L'Homme atlantique de Marguerite Duras. Mise en scène et interprétation de Viviane Théophilidès. Théâtre Artistic-Athévains. Jusqu'au 11 mai. Tél. : 01 43 56 38 32

L'absence, la perte, l'évanescence… toutes les œuvres de Marguerite Duras, quels que soient leurs registres portent la marque de ces notions par ailleurs proches les unes des autres. Dans l'Homme atlantique elles sont pour ainsi dire portées à leur point d'incandescence.

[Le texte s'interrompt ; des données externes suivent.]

(* Let $\alpha\in(0,\frac\pi2)$ and $C_\alpha=(\alpha/\pi)^2+(1-\alpha/\pi)^2$. Let $N^v,N^b\in\{0,1,2,\dots\}$, and let $\{n^0_j\}_{j=1}^{N^v}$, $\{n^+_i,n^-_i\}_{i=1}^{N^b}$ be integers with $\sum_{i=1}^{N^b}(n^+_i+n^-_i)+\sum_{j=1}^{N^v}n^0_j=D$. Then $$\sum_{j=1}^{N^v}(n^0_j)^2+\sum_{i=1}^{N^b}\Big[\Big(n^-_i+\frac\alpha\pi\Big)^2+\Big(n^+_i-\frac\alpha\pi\Big)^2\Big]\ge|D|\,C_\alpha.$$ Furthermore, if $D>0$, equality holds if and only if $n^0_j=0$ for all $j$, $N^b=D$, and $n^+_i=1$, $n^-_i=0$ for $i=1,\dots,D$; while if $D<0$, equality holds if and only if $n^0_j=0$ for all $j$, $N^b=|D|$, and $n^+_i=0$, $n^-_i=-1$ for all $i$. *)

theory Defs
  imports Complex_Main
begin

definition C_alpha :: "real \<Rightarrow> real" where
  "C_alpha \<alpha> = (\<alpha> / pi)\<^sup>2 + (1 - \<alpha> / pi)\<^sup>2"

end

theory Submission
  imports Defs
begin

(* Put a = alpha/pi, so 0 < a < 1/2 and C_alpha alpha = a^2 + (1 - a)^2 < 1.  Every vertex term
   n^2 and every boundary term (m + a)^2 + (p - a)^2 is at least C_alpha times the absolute value
   of its own charge (n, resp. m + p); summing and using the triangle inequality gives the bound.
   For a vertex term equality forces n = 0; for a boundary term of charge m + p >= 0 it forces
   (m, p) = (0, 1).  In the equality case the triangle inequality must be tight as well, so for
   D > 0 no charge is negative and every boundary term is the unit charge (0, 1).  The case D < 0
   follows from the symmetry (n0, n+, n-) |-> (-n0, -n-, -n+), which preserves the left-hand side. *)

lemma square_add_square_one_minus_lt_one:
  fixes a :: real
  assumes "0 < a" "a < 1"
  shows "a\<^sup>2 + (1 - a)\<^sup>2 < 1"
proof -
  have "a\<^sup>2 + (1 - a)\<^sup>2 = 1 - 2 * (a * (1 - a))"
    by (simp add: power2_eq_square algebra_simps)
  moreover have "0 < a * (1 - a)"
    using assms by simp
  ultimately show ?thesis
    by simp
qed

lemma abs_mult_le_int_square:
  fixes n :: int and C :: real
  assumes "C \<le> 1"
  shows "\<bar>of_int n\<bar> * C \<le> (of_int n)\<^sup>2"
proof -
  have "\<bar>of_int n\<bar> * C \<le> \<bar>real_of_int n\<bar>"
    using assms by (simp add: mult_left_le)
  also have "\<dots> \<le> \<bar>of_int n\<bar> * \<bar>of_int n\<bar>"
  proof (cases "n = 0")
    case False
    then have one_le: "1 \<le> \<bar>real_of_int n\<bar>"
      by linarith
    show ?thesis
      using mult_left_mono[OF one_le, of "\<bar>real_of_int n\<bar>"] by simp
  qed simp
  finally show ?thesis
    by (simp add: power2_eq_square)
qed

lemma int_square_eq_abs_mult_iff:
  fixes n :: int and C :: real
  assumes "C < 1"
  shows "(of_int n)\<^sup>2 = \<bar>of_int n\<bar> * C \<longleftrightarrow> n = 0"
proof
  assume eq: "(of_int n)\<^sup>2 = \<bar>of_int n\<bar> * C"
  show "n = 0"
  proof (rule ccontr)
    assume "n \<noteq> 0"
    then have "1 \<le> \<bar>real_of_int n\<bar>"
      by linarith
    then have "\<bar>of_int n\<bar> * C < \<bar>real_of_int n\<bar> * \<bar>of_int n\<bar>"
      using assms by (intro mult_strict_left_mono) auto
    then show False
      using eq by (simp add: power2_eq_square)
  qed
qed simp

lemma pair_energy_gt_nonneg_charge:
  fixes m p :: int and a :: real
  assumes "0 < a" "a < 1/2" "0 \<le> m + p" "\<not> (m = 0 \<and> p = 1)"
  shows "of_int (m + p) * (a\<^sup>2 + (1 - a)\<^sup>2) < (of_int m + a)\<^sup>2 + (of_int p - a)\<^sup>2"
proof -
  have C_lt_1: "a\<^sup>2 + (1 - a)\<^sup>2 < 1"
    using assms(1,2) by (intro square_add_square_one_minus_lt_one) simp_all
  consider "m + p = 0" | "m + p = 1" | "m + p \<ge> 2"
    using assms(3) by linarith
  then show ?thesis
  proof cases
    case 1
    have "m \<ge> 0 \<or> m \<le> -1"
      by linarith
    then have "of_int m \<ge> (0::real) \<or> of_int m \<le> (-1::real)"
      by auto
    then have "of_int m + a \<noteq> 0"
      using assms(1,2) by linarith
    then show ?thesis
      using 1 by (simp add: add_pos_nonneg)
  next
    case 2
    then have p: "real_of_int p = 1 - of_int m"
      by linarith
    have "m \<noteq> 0"
      using 2 assms(4) by auto
    then have "0 < of_int m * (of_int m - (1 - 2 * a))"
      using assms(1,2) by (cases "m > 0") (auto intro: mult_pos_pos mult_neg_neg)
    moreover have "(of_int m + a)\<^sup>2 + (of_int p - a)\<^sup>2
        = a\<^sup>2 + (1 - a)\<^sup>2 + 2 * (of_int m * (of_int m - (1 - 2 * a)))"
      unfolding p by (simp add: power2_eq_square algebra_simps)
    ultimately show ?thesis
      using 2 by simp
  next
    case 3
    define s where "s = real_of_int (m + p)"
    have "s\<^sup>2 \<le> 2 * ((of_int m + a)\<^sup>2 + (of_int p - a)\<^sup>2)"
      using zero_le_power2[of "of_int m + a - (of_int p - a)"]
      by (simp add: s_def power2_eq_square algebra_simps)
    moreover have "2 * s \<le> s\<^sup>2"
    proof -
      have "2 \<le> s"
        using 3 by (simp add: s_def)
      then show ?thesis
        using mult_right_mono[of 2 s s] by (simp add: power2_eq_square)
    qed
    moreover have "s * (a\<^sup>2 + (1 - a)\<^sup>2) < s"
      using 3 C_lt_1 by (simp add: s_def)
    ultimately show ?thesis
      by (simp add: s_def)
  qed
qed

lemma pair_energy_eq_nonneg_charge_iff:
  fixes m p :: int and a :: real
  assumes "0 < a" "a < 1/2" "0 \<le> m + p"
  shows "(of_int m + a)\<^sup>2 + (of_int p - a)\<^sup>2 = of_int (m + p) * (a\<^sup>2 + (1 - a)\<^sup>2)
    \<longleftrightarrow> m = 0 \<and> p = 1"
  using pair_energy_gt_nonneg_charge[OF assms] by (cases "m = 0 \<and> p = 1") auto

lemma pair_energy_ge:
  fixes m p :: int and a :: real
  assumes "0 < a" "a < 1/2"
  shows "\<bar>of_int (m + p)\<bar> * (a\<^sup>2 + (1 - a)\<^sup>2) \<le> (of_int m + a)\<^sup>2 + (of_int p - a)\<^sup>2"
proof (cases "0 \<le> m + p")
  case True
  then show ?thesis
    using pair_energy_gt_nonneg_charge[OF assms True] by (cases "m = 0 \<and> p = 1") auto
next
  case False
  then have nonneg: "0 \<le> -p + -m"
    by simp
  have "of_int (-p + -m) * (a\<^sup>2 + (1 - a)\<^sup>2) \<le> (of_int (-p) + a)\<^sup>2 + (of_int (-m) - a)\<^sup>2"
    using pair_energy_gt_nonneg_charge[OF assms nonneg] by (cases "-p = 0 \<and> -m = 1") auto
  moreover have "(of_int (-p) + a)\<^sup>2 + (of_int (-m) - a)\<^sup>2 = (of_int m + a)\<^sup>2 + (of_int p - a)\<^sup>2"
    by (simp add: power2_commute add.commute)
  moreover have "\<bar>real_of_int (m + p)\<bar> = of_int (-p + -m)"
    using False by simp
  ultimately show ?thesis
    by simp
qed

lemma sum_abs_eq_sum_imp_nonneg:
  fixes f :: "'i \<Rightarrow> 'a :: linordered_idom"
  assumes "finite A" "(\<Sum>i\<in>A. \<bar>f i\<bar>) = sum f A" "i \<in> A"
  shows "0 \<le> f i"
proof -
  have "f i = \<bar>f i\<bar>"
    using sum_mono_inv[OF assms(2)[symmetric] _ assms(3,1)] by simp
  then show ?thesis
    by (metis abs_ge_zero)
qed

definition energy :: "real \<Rightarrow> nat \<Rightarrow> nat \<Rightarrow> (nat \<Rightarrow> int) \<Rightarrow> (nat \<Rightarrow> int) \<Rightarrow> (nat \<Rightarrow> int) \<Rightarrow> real"
  where "energy a Nv Nb n0 np nm =
    (\<Sum>j=1..Nv. (real_of_int (n0 j))\<^sup>2)
    + (\<Sum>i=1..Nb. (real_of_int (nm i) + a)\<^sup>2 + (real_of_int (np i) - a)\<^sup>2)"

lemma energy_negate:
  "energy a Nv Nb (\<lambda>j. - n0 j) (\<lambda>i. - nm i) (\<lambda>i. - np i) = energy a Nv Nb n0 np nm"
  unfolding energy_def by (simp add: power2_commute add.commute)

definition total_abs_charge :: "nat \<Rightarrow> nat \<Rightarrow> (nat \<Rightarrow> int) \<Rightarrow> (nat \<Rightarrow> int) \<Rightarrow> (nat \<Rightarrow> int) \<Rightarrow> int"
  where "total_abs_charge Nv Nb n0 np nm = (\<Sum>i=1..Nb. \<bar>np i + nm i\<bar>) + (\<Sum>j=1..Nv. \<bar>n0 j\<bar>)"

lemma abs_charge_le_total_abs_charge:
  assumes "(\<Sum>i=1..Nb. np i + nm i) + (\<Sum>j=1..Nv. n0 j) = D"
  shows "\<bar>D\<bar> \<le> total_abs_charge Nv Nb n0 np nm"
  unfolding total_abs_charge_def assms[symmetric]
  by (rule order_trans[OF abs_triangle_ineq add_mono[OF sum_abs sum_abs]])

lemma total_abs_charge_le_energy:
  assumes "0 < a" "a < 1/2"
  shows "of_int (total_abs_charge Nv Nb n0 np nm) * (a\<^sup>2 + (1 - a)\<^sup>2) \<le> energy a Nv Nb n0 np nm"
    and "of_int (total_abs_charge Nv Nb n0 np nm) * (a\<^sup>2 + (1 - a)\<^sup>2) = energy a Nv Nb n0 np nm
      \<Longrightarrow> (\<forall>j\<in>{1..Nv}. n0 j = 0) \<and> (\<forall>i\<in>{1..Nb}. \<bar>of_int (np i + nm i)\<bar> * (a\<^sup>2 + (1 - a)\<^sup>2)
            = (of_int (nm i) + a)\<^sup>2 + (of_int (np i) - a)\<^sup>2)"
proof -
  let ?C = "a\<^sup>2 + (1 - a)\<^sup>2"
  have C_lt_1: "?C < 1"
    using assms by (intro square_add_square_one_minus_lt_one) simp_all
  let ?vertex_bound = "\<Sum>j=1..Nv. \<bar>real_of_int (n0 j)\<bar> * ?C"
  let ?pair_bound = "\<Sum>i=1..Nb. \<bar>real_of_int (np i + nm i)\<bar> * ?C"
  have vertex_le: "?vertex_bound \<le> (\<Sum>j=1..Nv. (real_of_int (n0 j))\<^sup>2)"
    using C_lt_1 by (intro sum_mono abs_mult_le_int_square) simp
  have pair_le: "?pair_bound \<le> (\<Sum>i=1..Nb. (real_of_int (nm i) + a)\<^sup>2 + (real_of_int (np i) - a)\<^sup>2)"
    using pair_energy_ge[OF assms] by (intro sum_mono) (simp add: add.commute)
  have total: "of_int (total_abs_charge Nv Nb n0 np nm) * ?C = ?pair_bound + ?vertex_bound"
    by (simp add: total_abs_charge_def sum_distrib_right distrib_right)
  show "of_int (total_abs_charge Nv Nb n0 np nm) * ?C \<le> energy a Nv Nb n0 np nm"
    unfolding total energy_def using vertex_le pair_le by linarith
  assume "of_int (total_abs_charge Nv Nb n0 np nm) * ?C = energy a Nv Nb n0 np nm"
  then have vertex_eq: "?vertex_bound = (\<Sum>j=1..Nv. (real_of_int (n0 j))\<^sup>2)"
    and pair_eq: "?pair_bound = (\<Sum>i=1..Nb. (real_of_int (nm i) + a)\<^sup>2 + (real_of_int (np i) - a)\<^sup>2)"
    unfolding total energy_def using vertex_le pair_le by linarith+
  have "\<forall>j\<in>{1..Nv}. (real_of_int (n0 j))\<^sup>2 = \<bar>of_int (n0 j)\<bar> * ?C"
    using sum_mono_inv[OF vertex_eq] C_lt_1 abs_mult_le_int_square by fastforce
  moreover have "\<forall>i\<in>{1..Nb}. \<bar>of_int (np i + nm i)\<bar> * ?C
      = (of_int (nm i) + a)\<^sup>2 + (of_int (np i) - a)\<^sup>2"
    using sum_mono_inv[OF pair_eq] pair_energy_ge[OF assms] by (fastforce simp: add.commute)
  ultimately show "(\<forall>j\<in>{1..Nv}. n0 j = 0) \<and> (\<forall>i\<in>{1..Nb}. \<bar>of_int (np i + nm i)\<bar> * ?C
      = (of_int (nm i) + a)\<^sup>2 + (of_int (np i) - a)\<^sup>2)"
    using int_square_eq_abs_mult_iff[OF C_lt_1] by blast
qed

lemma energy_ge_abs_charge:
  assumes "0 < a" "a < 1/2" "(\<Sum>i=1..Nb. np i + nm i) + (\<Sum>j=1..Nv. n0 j) = D"
  shows "of_int \<bar>D\<bar> * (a\<^sup>2 + (1 - a)\<^sup>2) \<le> energy a Nv Nb n0 np nm"
proof -
  have "of_int \<bar>D\<bar> * (a\<^sup>2 + (1 - a)\<^sup>2)
      \<le> of_int (total_abs_charge Nv Nb n0 np nm) * (a\<^sup>2 + (1 - a)\<^sup>2)"
    using abs_charge_le_total_abs_charge[OF assms(3)] by (intro mult_right_mono) simp_all
  also have "\<dots> \<le> energy a Nv Nb n0 np nm"
    using total_abs_charge_le_energy(1)[OF assms(1,2)] .
  finally show ?thesis .
qed

lemma energy_eq_pos_charge_iff:
  assumes "0 < a" "a < 1/2" "(\<Sum>i=1..Nb. np i + nm i) + (\<Sum>j=1..Nv. n0 j) = D" "0 < D"
  shows "energy a Nv Nb n0 np nm = of_int D * (a\<^sup>2 + (1 - a)\<^sup>2)
    \<longleftrightarrow> (\<forall>j\<in>{1..Nv}. n0 j = 0) \<and> int Nb = D \<and> (\<forall>i\<in>{1..Nb}. np i = 1 \<and> nm i = 0)"
proof
  let ?C = "a\<^sup>2 + (1 - a)\<^sup>2"
  let ?T = "total_abs_charge Nv Nb n0 np nm"
  assume eq: "energy a Nv Nb n0 np nm = of_int D * ?C"
  have C_pos: "0 < ?C"
    using assms(1) by (simp add: add_pos_nonneg)
  have "of_int ?T * ?C \<le> energy a Nv Nb n0 np nm"
    by (rule total_abs_charge_le_energy(1)[OF assms(1,2)])
  then have "of_int ?T * ?C \<le> of_int D * ?C"
    using eq by simp
  moreover have "D \<le> ?T"
    using abs_charge_le_total_abs_charge[OF assms(3)] by simp
  ultimately have T_eq: "?T = D"
    using C_pos by (simp add: mult_le_cancel_right)
  then have "of_int ?T * ?C = energy a Nv Nb n0 np nm"
    using eq by simp
  then obtain vertex_zero: "\<forall>j\<in>{1..Nv}. n0 j = 0"
    and pair_tight: "\<forall>i\<in>{1..Nb}. \<bar>of_int (np i + nm i)\<bar> * ?C
      = (of_int (nm i) + a)\<^sup>2 + (of_int (np i) - a)\<^sup>2"
    using total_abs_charge_le_energy(2)[OF assms(1,2)] by blast
  have "(\<Sum>i=1..Nb. \<bar>np i + nm i\<bar>) = (\<Sum>i=1..Nb. np i + nm i)"
    using T_eq assms(3) vertex_zero by (simp add: total_abs_charge_def)
  then have "\<forall>i\<in>{1..Nb}. 0 \<le> nm i + np i"
    using sum_abs_eq_sum_imp_nonneg[of "{1..Nb}" "\<lambda>i. np i + nm i"] by (simp add: add.commute)
  then have unit: "\<forall>i\<in>{1..Nb}. np i = 1 \<and> nm i = 0"
    using pair_tight pair_energy_eq_nonneg_charge_iff[OF assms(1,2)] by (fastforce simp: add.commute)
  then have "D = (\<Sum>i=1..Nb. 1)"
    using assms(3) vertex_zero by simp
  then show "(\<forall>j\<in>{1..Nv}. n0 j = 0) \<and> int Nb = D \<and> (\<forall>i\<in>{1..Nb}. np i = 1 \<and> nm i = 0)"
    using vertex_zero unit by simp
next
  assume unit_config: "(\<forall>j\<in>{1..Nv}. n0 j = 0) \<and> int Nb = D \<and> (\<forall>i\<in>{1..Nb}. np i = 1 \<and> nm i = 0)"
  have "(\<Sum>j=1..Nv. (real_of_int (n0 j))\<^sup>2) = 0"
    using unit_config by simp
  moreover have "(\<Sum>i=1..Nb. (real_of_int (nm i) + a)\<^sup>2 + (real_of_int (np i) - a)\<^sup>2)
      = (\<Sum>i=1..Nb. a\<^sup>2 + (1 - a)\<^sup>2)"
    using unit_config by (intro sum.cong) auto
  moreover have "real Nb = of_int D"
    using unit_config by (metis of_int_of_nat_eq)
  ultimately show "energy a Nv Nb n0 np nm = of_int D * (a\<^sup>2 + (1 - a)\<^sup>2)"
    by (simp add: energy_def)
qed

theorem lemma6p2:
  fixes \<alpha> :: real and Nv Nb :: nat and n0 np nm :: "nat \<Rightarrow> int" and D :: int
  assumes "0 < \<alpha>" and "\<alpha> < pi / 2"
    and "(\<Sum>i=1..Nb. np i + nm i) + (\<Sum>j=1..Nv. n0 j) = D"
  shows "(\<Sum>j=1..Nv. (real_of_int (n0 j))\<^sup>2)
           + (\<Sum>i=1..Nb. (real_of_int (nm i) + \<alpha> / pi)\<^sup>2 + (real_of_int (np i) - \<alpha> / pi)\<^sup>2)
         \<ge> real_of_int \<bar>D\<bar> * C_alpha \<alpha>
         \<and> (D > 0 \<longrightarrow>
         ((\<Sum>j=1..Nv. (real_of_int (n0 j))\<^sup>2)
           + (\<Sum>i=1..Nb. (real_of_int (nm i) + \<alpha> / pi)\<^sup>2 + (real_of_int (np i) - \<alpha> / pi)\<^sup>2)
           = real_of_int \<bar>D\<bar> * C_alpha \<alpha>
          \<longleftrightarrow> (\<forall>j\<in>{1..Nv}. n0 j = 0) \<and> int Nb = D \<and> (\<forall>i\<in>{1..Nb}. np i = 1 \<and> nm i = 0)))
         \<and> (D < 0 \<longrightarrow>
         ((\<Sum>j=1..Nv. (real_of_int (n0 j))\<^sup>2)
           + (\<Sum>i=1..Nb. (real_of_int (nm i) + \<alpha> / pi)\<^sup>2 + (real_of_int (np i) - \<alpha> / pi)\<^sup>2)
           = real_of_int \<bar>D\<bar> * C_alpha \<alpha>
          \<longleftrightarrow> (\<forall>j\<in>{1..Nv}. n0 j = 0) \<and> int Nb = \<bar>D\<bar> \<and> (\<forall>i\<in>{1..Nb}. np i = 0 \<and> nm i = -1)))"
proof -
  define a where "a = \<alpha> / pi"
  have a: "0 < a" "a < 1/2"
    using assms(1,2) by (simp_all add: a_def divide_less_eq)
  have C: "C_alpha \<alpha> = a\<^sup>2 + (1 - a)\<^sup>2"
    by (simp add: C_alpha_def a_def)
  have lhs: "(\<Sum>j=1..Nv. (real_of_int (n0 j))\<^sup>2)
      + (\<Sum>i=1..Nb. (real_of_int (nm i) + \<alpha> / pi)\<^sup>2 + (real_of_int (np i) - \<alpha> / pi)\<^sup>2)
      = energy a Nv Nb n0 np nm"
    by (simp add: energy_def a_def)
  have negated_charge: "(\<Sum>i=1..Nb. - nm i + - np i) + (\<Sum>j=1..Nv. - n0 j) = - D"
    unfolding assms(3)[symmetric] by (simp add: sum_negf sum_subtractf sum.distrib)
  show ?thesis
    unfolding lhs C
    using energy_ge_abs_charge[OF a assms(3)] energy_eq_pos_charge_iff[OF a assms(3)]
      energy_eq_pos_charge_iff[OF a negated_charge] energy_negate[of a Nv Nb n0 nm np]
    by auto
qed

end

Ce très court texte est issu du scénario du film éponyme réalisé en partie avec les chutes d'un autre film, Agatha et les lectures illimitées, lui-même réalisé à partir d'un « dialogue pour le théâtre ». Il en est souvent ainsi chez Marguerite Duras : le cheminement de son écriture passant par différentes formes. L'homme atlantique c'est Yann Andréa le compagnon de ses seize dernières années de vie. Présent/absent suivant les circonstances de la vie quotidienne entre un homme et une femme. C'est lui, l'unique « acteur » du film et du texte, un acteur devant répondre aux injonctions lancées par l'auteur, Marguerite donc. « Vous ne regarderez pas la caméra. Sauf lorsqu'on l'exigera de vous »… tel est le début de ce qu'il faut bien appeler une disparition. L'acteur devant devenir l'absent de toutes choses, jusqu'à ce que l'écran (pour le film) se vide ou devienne noir. Jusqu'à sortir du « champ de la caméra », alors l'auteur pourra dire : « vous êtes absent ». « Avec votre départ votre absence est survenue, elle a été photographiée comme tout à l'heure votre présence ». L'Homme atlantique c'est l'impossible relation entre un homme et une femme. Comment dire cela ? Comment matérialiser un tel constat sur scène, faire vivre cette disparition ? C'est cette impossible équation que Viviane Théophilidès parvient à résoudre. Sans éclat ni ostentation, mais avec une discrète autorité. Elle réussit à investir les mots de Marguerite Duras de l'intérieur et à leur donner vie et… présence, habitant le plateau quasiment nu qu'occupent seulement un vieux projecteur de cinéma et un fauteuil. Il s'agit là d'un véritable tour de force qui a la pudeur de ne pas se présenter comme tel.